In its final rule, the DOL observed that the FLSA does not define the term “independent contractor.” Instead, the DOL long ago adopted the economic realities test to determine proper worker classification. The economic realities test ultimately evaluates the extent of a worker’s economic dependence on the putative employer: the more dependent the worker is on the business, the more likely he or she could be considered an employee of that business.

The DOL noted that there has been significant confusion regarding the meaning of economic dependence and increasing legal uncertainty against the backdrop of increasingly flexible work arrangements. The DOL therefore promulgated the final rule to provide greater clarity on its own worker classification test under the FLSA.

DOL provides five factors to determine a worker’s ‘economic reality’

In its effort to clarify the confusion caused by the ever-changing meaning of the “economic reality” of a worker’s engagement, the DOL provided five factors to assess a worker’s economic dependence. Although the factors below are not exhaustive, and no single factor is dispositive, the DOL has clarified that the first two factors “are the most probative as to whether or not an individual is an economically dependent ‘employee.’” If these two factors point to the same conclusion, the remaining three factors need not be analyzed in making the classification determination.

  1. The nature and degree of the worker’s control over the work. This factor examines whether the worker exercises substantial control over key aspects of the performance of the work, such as scheduling the hours worked, selecting projects and/or being able to work for competing companies. The DOL noted, however, that even if a business required a worker to comply with specific legal obligations – such as satisfying health/safety standards and carrying proper insurance, or contractually agreed-upon deadlines or quality control standards – this alone would not constitute “control” for the purpose of this factor.
  2. The worker’s opportunity for profit or loss. This factor focuses on the extent of the worker’s opportunity to earn profits or incur losses based on (i) his or her own managerial skill, business acumen or judgment, and (ii) management of his or her investment in or capital expenditure on helpers or equipment or material to further his or her work. By contrast, if a worker “is unable to affect his or her earnings or is only able to do so by working more hours or faster,” the more likely he or she is classified as an employee under the FLSA.

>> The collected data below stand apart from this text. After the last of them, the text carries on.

lemma sum_Pow_power_card:
  fixes x :: "'a :: comm_semiring_1"
  assumes "finite A"
  shows "(\<Sum>X\<in>Pow A. x ^ card X) = (x + 1) ^ card A"
  using prod_add[OF assms, of "\<lambda>_. x" "\<lambda>_. 1"] by simp

lemma finite_supp: "finite (supp P)"
  by (simp add: supp_def)

lemma finite_labels: "finite A \<Longrightarrow> finite (labels P A)"
  by (rule finite_subset[OF _ finite_set_of_finite_funs[of A UNIV PI]]) (auto simp: labels_def)

lemma restr_in_labels_iff_subset_conf:
  assumes "A \<subseteq> supp P"
  shows "A \<subseteq> supp Q \<and> restr Q A \<in> labels P A \<longleftrightarrow> A \<subseteq> conf P Q"
  using assms by (auto simp: supp_def restr_def labels_def conf_def)

definition dict_of :: "pstring list \<Rightarrow> dict" where
  "dict_of Qs = (\<lambda>(A, a). \<Sum>Q\<leftarrow>Qs. if A \<subseteq> supp Q \<and> a = restr Q A then 1 else 0)"

lemma dict_of_Nil: "dict_of [] = (\<lambda>_. 0)"
  by (simp add: dict_of_def fun_eq_iff)

lemma dict_update_dict_of: "dict_update (dict_of Qs) P = dict_of (Qs @ [P])"
  by (simp add: fun_eq_iff dict_update_def dict_of_def)

lemma Zval_add: "Zval (\<lambda>p. D p + D' p) P = Zval D P + Zval D' P"
  by (simp add: Zval_def sum.distrib distrib_left)

lemma sum_labels_dict_of_single:
  assumes "A \<subseteq> supp P"
  shows "(\<Sum>a\<in>labels P A. dict_of [Q] (A, a)) = (if A \<subseteq> conf P Q then 1 else 0)"
proof -
  have "finite (labels P A)"
    using assms finite_labels finite_subset finite_supp by blast
  then show ?thesis
    using restr_in_labels_iff_subset_conf[OF assms, of Q]
    by (cases "A \<subseteq> supp Q") (simp_all add: dict_of_def sum.delta')
qed

lemma Zval_dict_of_single: "Zval (dict_of [Q]) P = (-1) ^ card (conf P Q)"
proof -
  have "Zval (dict_of [Q]) P = (\<Sum>A\<in>Pow (supp P). if A \<subseteq> conf P Q then (-2) ^ card A else 0)"
    unfolding Zval_def by (intro sum.cong refl) (simp add: sum_labels_dict_of_single)
  also have "\<dots> = (\<Sum>A\<in>Pow (conf P Q). (-2) ^ card A)"
    by (rule sum.mono_neutral_cong_right) (auto simp: conf_def supp_def)
  also have "\<dots> = (-1) ^ card (conf P Q)"
    by (simp add: sum_Pow_power_card conf_def)
  finally show ?thesis .
qed

lemma Zval_dict_of: "Zval (dict_of Qs) P = (\<Sum>Q\<leftarrow>Qs. (-1) ^ card (conf P Q))"
proof (induction Qs)
  case Nil
  then show ?case by (simp add: Zval_def dict_of_def)
next
  case (Cons Q Qs)
  have "dict_of (Q # Qs) = (\<lambda>p. dict_of [Q] p + dict_of Qs p)"
    by (simp add: dict_of_def fun_eq_iff)
  then show ?case
    using Cons by (simp add: Zval_add Zval_dict_of_single)
qed

lemma counter_minus_Zval_dict_of:
  "int (length Qs) - Zval (dict_of Qs) P = 2 * int (length (filter (\<lambda>Q. odd (card (conf P Q))) Qs))"
  by (induction Qs) (auto simp: Zval_dict_of)

definition pairwise_commuting :: "pstring list \<Rightarrow> bool" where
  "pairwise_commuting Ps \<longleftrightarrow> (\<forall>Q\<in>set Ps. \<forall>R\<in>set Ps. pauli_commute Q R)"

lemma pairwise_commuting_Nil: "pairwise_commuting []"
  by (simp add: pairwise_commuting_def)

lemma pairwise_commuting_snoc:
  "pairwise_commuting (Ps @ [P]) \<longleftrightarrow> pairwise_commuting Ps \<and> (\<forall>Q\<in>set Ps. pauli_commute Q P)"
  by (auto simp: pairwise_commuting_def pauli_commute_def)

lemma scan_test_iff_anticommuting_predecessor:
  "0 < real_of_int (int (length prev) - Zval (dict_of prev) P) / 2 \<longleftrightarrow>
     (\<exists>Q\<in>set prev. \<not> pauli_commute Q P)"
  by (simp add: counter_minus_Zval_dict_of pauli_commute_iff_even_conf conf_sym filter_empty_conv)

lemma run_Cons_dict_of:
  "run prev (P # rest) (dict_of prev) (int (length prev)) =
    (if \<exists>Q\<in>set prev. \<not> pauli_commute Q P
     then (case find (\<lambda>j. odd (card (conf (prev ! (j - 1)) P))) [1..<length prev + 1] of
             Some j \<Rightarrow> Found j (length prev + 1)
           | None \<Rightarrow> ScanFailed)
     else run (prev @ [P]) rest (dict_of (prev @ [P])) (int (length (prev @ [P]))))"
proof -
  have "int (length (prev @ [P])) = int (length prev) + 1"
    by simp
  then show ?thesis
    unfolding run.simps Let_def scan_test_iff_anticommuting_predecessor dict_update_dict_of
    by (simp only:)
qed

lemma run_Cons_dict_of_anticommuting:
  assumes "\<exists>Q\<in>set prev. \<not> pauli_commute Q P"
  obtains j where "1 \<le> j" "j \<le> length prev" "pauli_anticommute (prev ! (j - 1)) P"
    and "run prev (P # rest) (dict_of prev) (int (length prev)) = Found j (length prev + 1)"
proof -
  let ?test = "\<lambda>j. odd (card (conf (prev ! (j - 1)) P))"
  have run: "run prev (P # rest) (dict_of prev) (int (length prev)) =
      (case find ?test [1..<length prev + 1] of Some j \<Rightarrow> Found j (length prev + 1) | None \<Rightarrow> ScanFailed)"
    using assms by (subst run_Cons_dict_of) (simp del: upt_Suc)
  from assms obtain k where "k < length prev" "?test (Suc k)"
    by (auto simp: in_set_conv_nth pauli_commute_iff_even_conf)
  then have "Suc k \<in> set [1..<length prev + 1]" "?test (Suc k)"
    by (simp_all del: upt_Suc)
  then have "find ?test [1..<length prev + 1] \<noteq> None"
    unfolding find_None_iff by blast
  then obtain j where "find ?test [1..<length prev + 1] = Some j"
    by blast
  then have "j \<in> set [1..<length prev + 1]" "?test j"
    by (auto simp: find_Some_iff simp del: upt_Suc)
  with run \<open>find ?test _ = Some j\<close> show ?thesis
    by (intro that) (auto simp: pauli_anticommute_if_odd_conf)
qed

lemma run_dict_of:
  assumes "pairwise_commuting prev"
  shows "(run prev rest (dict_of prev) (int (length prev)) = AllCommute \<longleftrightarrow>
            pairwise_commuting (prev @ rest)) \<and>
         (\<forall>j i. run prev rest (dict_of prev) (int (length prev)) = Found j i \<longrightarrow>
            pauli_anticommute ((prev @ rest) ! (j - 1)) ((prev @ rest) ! (i - 1)))"
  using assms
proof (induction rest arbitrary: prev)
  case Nil
  then show ?case by simp
next
  case (Cons P rest)
  show ?case
  proof (cases "\<forall>Q\<in>set prev. pauli_commute Q P")
    case True
    then have "pairwise_commuting (prev @ [P])"
      using Cons.prems pairwise_commuting_snoc by blast
    moreover have "run prev (P # rest) (dict_of prev) (int (length prev)) =
        run (prev @ [P]) rest (dict_of (prev @ [P])) (int (length (prev @ [P])))"
      using True by (subst run_Cons_dict_of) simp
    ultimately show ?thesis
      using Cons.IH[of "prev @ [P]"] by simp
  next
    case False
    then obtain j where j: "1 \<le> j" "j \<le> length prev" "pauli_anticommute (prev ! (j - 1)) P"
      and run: "run prev (P # rest) (dict_of prev) (int (length prev)) = Found j (length prev + 1)"
      using run_Cons_dict_of_anticommuting by blast
    have "\<not> pairwise_commuting (prev @ P # rest)"
      using False by (auto simp: pairwise_commuting_def)
    moreover have "j - 1 < length prev"
      using j by simp
    ultimately show ?thesis
      using run j by (simp add: nth_append)
  qed
qed

theorem corollary1:
  fixes Ps :: "pstring list" and n :: nat
  assumes "\<forall>P\<in>set Ps. length P = n"
  shows "(certify Ps = AllCommute \<longleftrightarrow>
            (\<forall>j<length Ps. \<forall>i<length Ps. pauli_commute (Ps ! j) (Ps ! i)))
       \<and> (\<forall>j i. certify Ps = Found j i \<longrightarrow>
            pauli_anticommute (Ps ! (j - 1)) (Ps ! (i - 1)))"
proof -
  have "certify Ps = run [] Ps (dict_of []) (int (length []))"
    by (simp add: certify_def dict_of_Nil)
  moreover have "pairwise_commuting Ps \<longleftrightarrow>
      (\<forall>j<length Ps. \<forall>i<length Ps. pauli_commute (Ps ! j) (Ps ! i))"
    by (simp add: pairwise_commuting_def all_set_conv_all_nth)
  ultimately show ?thesis
    using run_dict_of[of "[]" Ps] by (simp add: pairwise_commuting_Nil)
qed

end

If these first two factors conflict, however, the following three remaining factors can serve as further guideposts for proper classification.

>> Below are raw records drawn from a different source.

lemma weighted_grid_sum_error:
  fixes g :: "real^'j::finite \<Rightarrow> real"
  assumes mu: "0 < \<mu>" and L: "1 \<le> L" and gi: "g integrable_on cbox 0 (\<chi> i. real L / \<mu>)"
    and gnn: "\<forall>x\<in>orthant. 0 \<le> g x"
  shows "\<bar>weighted_grid_sum g \<mu> L - integral (cbox 0 (\<chi> i. real L / \<mu>)) (\<lambda>x. g x * exp_weight x)\<bar>
    \<le> (\<Sum>a\<in>lattice_cube L. \<bar>(1/\<mu>)^CARD('j) * g (grid_tag \<mu> a) - integral (grid_cell \<mu> a) g\<bar>)
       + CARD('j) / \<mu> * integral (cbox 0 (\<chi> i. real L / \<mu>)) g"
proof -
  let ?k = "CARD('j)" and ?B = "cbox 0 (\<chi> i. real L / \<mu>) :: (real^'j) set"
  let ?t = "grid_tag \<mu>" and ?C = "grid_cell \<mu>"
  have gwi: "(\<lambda>x. g x * exp_weight x) integrable_on ?B"
    using gi gnn box_in_orthant by (intro integrable_mult_exp_weight) auto
  have split: "weighted_grid_sum g \<mu> L - integral ?B (\<lambda>x. g x * exp_weight x)
      = (\<Sum>a\<in>lattice_cube L. exp_weight (?t a) * ((1/\<mu>)^?k * g (?t a) - integral (?C a) g))
      + (\<Sum>a\<in>lattice_cube L. exp_weight (?t a) * integral (?C a) g - integral (?C a) (\<lambda>x. g x * exp_weight x))"
    unfolding weighted_grid_sum_def integral_grid_box[OF mu L gwi] sum_distrib_right
    by (simp add: sum_subtractf[symmetric] sum.distrib[symmetric] algebra_simps)
  have "\<bar>\<Sum>a\<in>lattice_cube L. exp_weight (?t a) * ((1/\<mu>)^?k * g (?t a) - integral (?C a) g)\<bar>
      \<le> (\<Sum>a\<in>lattice_cube L. \<bar>(1/\<mu>)^?k * g (?t a) - integral (?C a) g\<bar>)"
  proof (intro order_trans[OF sum_abs] sum_mono)
    fix a :: "'j \<Rightarrow> nat"
    have "0 \<le> exp_weight (?t a)" "exp_weight (?t a) \<le> 1"
      using exp_weight_le_one[OF grid_tag_in_orthant[OF mu]] by (auto simp: exp_weight_def)
    thus "\<bar>exp_weight (?t a) * ((1/\<mu>)^?k * g (?t a) - integral (?C a) g)\<bar>
        \<le> \<bar>(1/\<mu>)^?k * g (?t a) - integral (?C a) g\<bar>"
      unfolding abs_mult by (intro mult_left_le_one_le) auto
  qed
  moreover have "\<bar>\<Sum>a\<in>lattice_cube L. exp_weight (?t a) * integral (?C a) g - integral (?C a) (\<lambda>x. g x * exp_weight x)\<bar>
      \<le> ?k / \<mu> * integral ?B g"
    by (intro order_trans[OF sum_abs] grid_weight_exchange[OF mu L gi gnn])
  ultimately show ?thesis unfolding split by linarith
qed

3. The amount of skill required for the work. This factor examines whether the individual’s work requires specialized training or skill that the business does not provide.

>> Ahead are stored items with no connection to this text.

text \<open>Comparison map c^n, induced by inclusion: sends [f]_b to [f].\<close>
definition comparison_map :: "('a, 'b) monoid_scheme \<Rightarrow> nat
    \<Rightarrow> ('a list \<Rightarrow> 'k::field) set \<Rightarrow> ('a list \<Rightarrow> 'k) set" where
  "comparison_map G n X = (\<Union>f\<in>X. coh_class G n f)"

definition chains :: "('a, 'b) monoid_scheme \<Rightarrow> nat \<Rightarrow> ('a list \<Rightarrow> int) set" where
  "chains G k = {c. finite {x. c x \<noteq> 0} \<and> (\<forall>x. c x \<noteq> 0 \<longrightarrow> x \<in> tuples G k)}"

definition ind :: "'a list \<Rightarrow> 'a list \<Rightarrow> int" where
  "ind x = (\<lambda>y. if y = x then 1 else 0)"

definition bd_basis :: "('a, 'b) monoid_scheme \<Rightarrow> nat \<Rightarrow> 'a list \<Rightarrow> 'a list \<Rightarrow> int" where
  "bd_basis G k gs = (if k = 0 then (\<lambda>_. 0) else
     (\<lambda>y. ind (tl gs) y + (\<Sum>i\<in>{1..k-1}. (-1) ^ i * ind (face_mul G i gs) y)
          + (-1) ^ k * ind (butlast gs) y))"

definition bd :: "('a, 'b) monoid_scheme \<Rightarrow> nat \<Rightarrow> ('a list \<Rightarrow> int) \<Rightarrow> 'a list \<Rightarrow> int" where
  "bd G k c = (\<lambda>y. \<Sum>x\<in>{x. c x \<noteq> 0}. c x * bd_basis G k x y)"

definition hcycles :: "('a, 'b) monoid_scheme \<Rightarrow> nat \<Rightarrow> ('a list \<Rightarrow> int) set" where
  "hcycles G k = {c \<in> chains G k. bd G k c = (\<lambda>_. 0)}"

definition hboundaries :: "('a, 'b) monoid_scheme \<Rightarrow> nat \<Rightarrow> ('a list \<Rightarrow> int) set" where
  "hboundaries G k = bd G (k + 1) ` chains G (k + 1)"

text \<open>H_k(G,Z) = Z_k / B_k is a finitely generated abelian group:
  finitely many cycles whose classes generate the quotient.\<close>
definition homology_fg :: "('a, 'b) monoid_scheme \<Rightarrow> nat \<Rightarrow> bool" where
  "homology_fg G k \<longleftrightarrow> (\<exists>S. finite S \<and> S \<subseteq> hcycles G k \<and>
     (\<forall>z\<in>hcycles G k. \<exists>a :: ('a list \<Rightarrow> int) \<Rightarrow> int.
        (\<lambda>y. z y - (\<Sum>s\<in>S. a s * s y)) \<in> hboundaries G k))"

end

theory Submission
  imports Defs
begin

(* Let f1, f2 be bounded n-cocycles whose difference is the coboundary of an arbitrary
   (n-1)-cochain g. The image of the boundary map of the integral bar complex in degree n-1
   is a subgroup of a free abelian group, hence free, so the boundary map has an additive
   section s (built with Zorn's lemma). The cochain h(sigma) = <g, sigma - s(d sigma)> then
   has the same coboundary as g, since s(d d tau) = 0, and it is bounded: sigma - s(d sigma)
   is a cycle, every cycle is an integral combination of finitely many fixed cycles plus a
   boundary d c, and <g, d c> = <delta g, c>. As integers have absolute value at most 1 in a
   non-Archimedean field, the ultrametric inequality bounds all these pairings uniformly. *)

section \<open>Non-Archimedean absolute values\<close>

lemma nonarch_absD:
  assumes "nonarch_abs v"
  shows nonarch_abs_nonneg: "v x \<ge> 0"
    and nonarch_abs_zero: "v 0 = 0"
    and nonarch_abs_mult: "v (x * y) = v x * v y"
    and nonarch_abs_add: "v (x + y) \<le> max (v x) (v y)"
  using assms unfolding nonarch_abs_def by auto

4.The degree of permanence of the working relationship. This factor examines whether the relationship is impermanent (i.e., finite or sporadic) or permanent (i.e., indefinite or continuous). If a worker’s engagement falls into the former category, this would be indicative of an independent contractor relationship.

5. Whether the work is part of an “integrated” unit of production. This factor focuses on the extent the work is a component of the business’s “integrated production process” for a good or service. Significantly, in incorporating this rule, the DOL rejected the prior test’s assessment of a worker’s “integrality” – which focused solely on a worker’s “importance” or “centrality” – because it found that identifying the “‘core or primary business purpose’ is not a useful inquiry in the modern economy.” Instead, under this factor, the worker is not likely to be found to be an employee if they are not “integrated” into the business’s production process, which is composed of operational subparts working in coordination towards a “specified unified purpose.”

Also noteworthy, the DOL announced that offering health, retirement and other benefits to independent contractors in and of itself is not “necessarily indicative of employment status.” However, the DOL cautioned that offering the same benefits to both independent contractors and employees poses misclassification risks.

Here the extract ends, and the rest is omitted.